State the number of lines in the records that contain "forall", with no other words.

═════ MATERIAL SHOWN ═════

lemma small_bins_within_surplus_open_fit:
  assumes no_fit: "\<forall>l\<in>set L. 1 < l + x"
    and j': "j' < length L'" "L' ! j' + x' \<le> 1"
  shows "small_bins_within_surplus (L @ [x]) (L'[j' := L' ! j' + x'])"
proof -
  define a where "a = L' ! j'"
  define M' where "M' = L'[j' := a + x']"
  have none: "nbins_le a L = 0"
    using no_fit j'(2) item_le by (force simp: nbins_le_eq_0_iff a_def)
  have count_a: "nbins_le a L' \<le> 2 * (length L' - length L)"
    using surplus_count[of a] none j'(2) item_gt item_le by (simp add: a_def)
  moreover have "0 < nbins_le a L'"
    using nbins_le_eq_0_iff[of a L'] nth_mem[OF j'(1)] by (auto simp: a_def)
  ultimately have surplus_pos: "length L < length L'"
    by simp
  have "nbins_le c M' \<le> nbins_le c (L @ [x]) + 2 * (length L' - Suc (length L))"
    if c: "c < 2/3" for c
  proof -
    have fill: "nbins_le c M' + (if a \<le> c then 1 else 0) = nbins_le c L'"
      using c filled_load_gt(2)[OF j'(1)] by (simp add: nbins_le_update_above j'(1) M'_def a_def)
    have "nbins_le c M' < nbins_le c L + 2 * (length L' - length L)"
    proof (cases "a \<le> c")
      case True
      then show ?thesis
        using fill surplus_count[OF c] surplus_pos by simp
    next
      case False
      then have "nbins_le c L' < nbins_le a L'"
        using j'(1) by (intro nbins_le_strict_mono[of a]) (auto simp: a_def)
      then show ?thesis
        using fill False count_a by simp
    qed
    moreover have "x < l" if "l \<in> set M'" "l \<le> c" for l
      using small_load_after_fill_gt[OF j' that(1)[unfolded M'_def a_def]] that(2) c by simp
    then have "x \<le> c \<or> nbins_le c M' = 0"
      unfolding nbins_le_eq_0_iff by (meson less_imp_le not_less order.strict_trans2)
    ultimately show ?thesis
      using surplus_pos by (auto simp: nbins_le_snoc)
  qed
  with surplus_pos show ?thesis
    by (simp add: small_bins_within_surplus_def M'_def a_def)
qed

lemma small_bins_within_surplus_bf_step:
  "small_bins_within_surplus (bf_step L x) (bf_step L' x')"
proof (cases L x rule: bf_step_cases)
  case opens
  then show ?thesis
    using bf_step_cases[of L' x'] small_bins_within_surplus_open_open small_bins_within_surplus_open_fit
    by metis
next
  case (fits j)
  then show ?thesis
    using bf_step_cases[of L' x'] small_bins_within_surplus_fit_open small_bins_within_surplus_fit_fit
    by metis
qed

end

lemma bf_loads_small_bins_within_surplus:
  assumes "list_all2 (\<le>) xs ys" "\<forall>x\<in>set xs. 1/3 < x"
  shows "small_bins_within_surplus (bf_loads xs) (bf_loads ys)"
  using assms
proof (induction xs ys rule: rev_induct2)
  case (4 x xs y ys)
  then have "length xs = length ys"
    using list_all2_lengthD by force
  with 4 have le: "list_all2 (\<le>) xs ys" "x \<le> y" and gt: "\<forall>x\<in>set xs. 1/3 < x" "1/3 < x"
    by (auto simp: list_all2_append)
  have "\<forall>y\<in>set ys. 1/3 < y"
  proof
    fix y
    assume "y \<in> set ys"
    then obtain i where "i < length ys" "ys ! i = y"
      by (auto simp: in_set_conv_nth)
    then show "1/3 < y"
      using list_all2_nthD2[OF le(1)] list_all2_lengthD[OF le(1)] gt(1) nth_mem[of i xs]
      by (metis order.strict_trans2)
  qed
  with le gt 4 show ?case
    unfolding bf_loads_snoc small_bins_within_surplus_def
    by (intro small_bins_within_surplus_bf_step[unfolded small_bins_within_surplus_def]
        bf_loads_gt bf_loads_no_two_fit) auto
qed (auto simp: small_bins_within_surplus_def bf_loads_def nbins_le_def dest: list_all2_lengthD)

theorem proposition7:
  fixes I I' :: "real list"
  assumes "length I' = length I"
    and "\<forall>i < length I. 1/3 < I ! i \<and> I ! i \<le> 1"
    and "\<forall>i < length I'. 0 < I' ! i \<and> I' ! i \<le> 1"
    and "\<forall>i < length I. I ! i \<le> I' ! i"
  shows "BF I \<le> BF I'"
proof -
  have "list_all2 (\<le>) I I'"
    using assms(1,4) by (simp add: list_all2_conv_all_nth)
  moreover have "\<forall>x\<in>set I. 1/3 < x"
    using assms(2) by (auto simp: in_set_conv_nth)
  ultimately show ?thesis
    using bf_loads_small_bins_within_surplus
    unfolding BF_def small_bins_within_surplus_def by blast
qed

end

═════

• RESULT OF THIS TASK: 8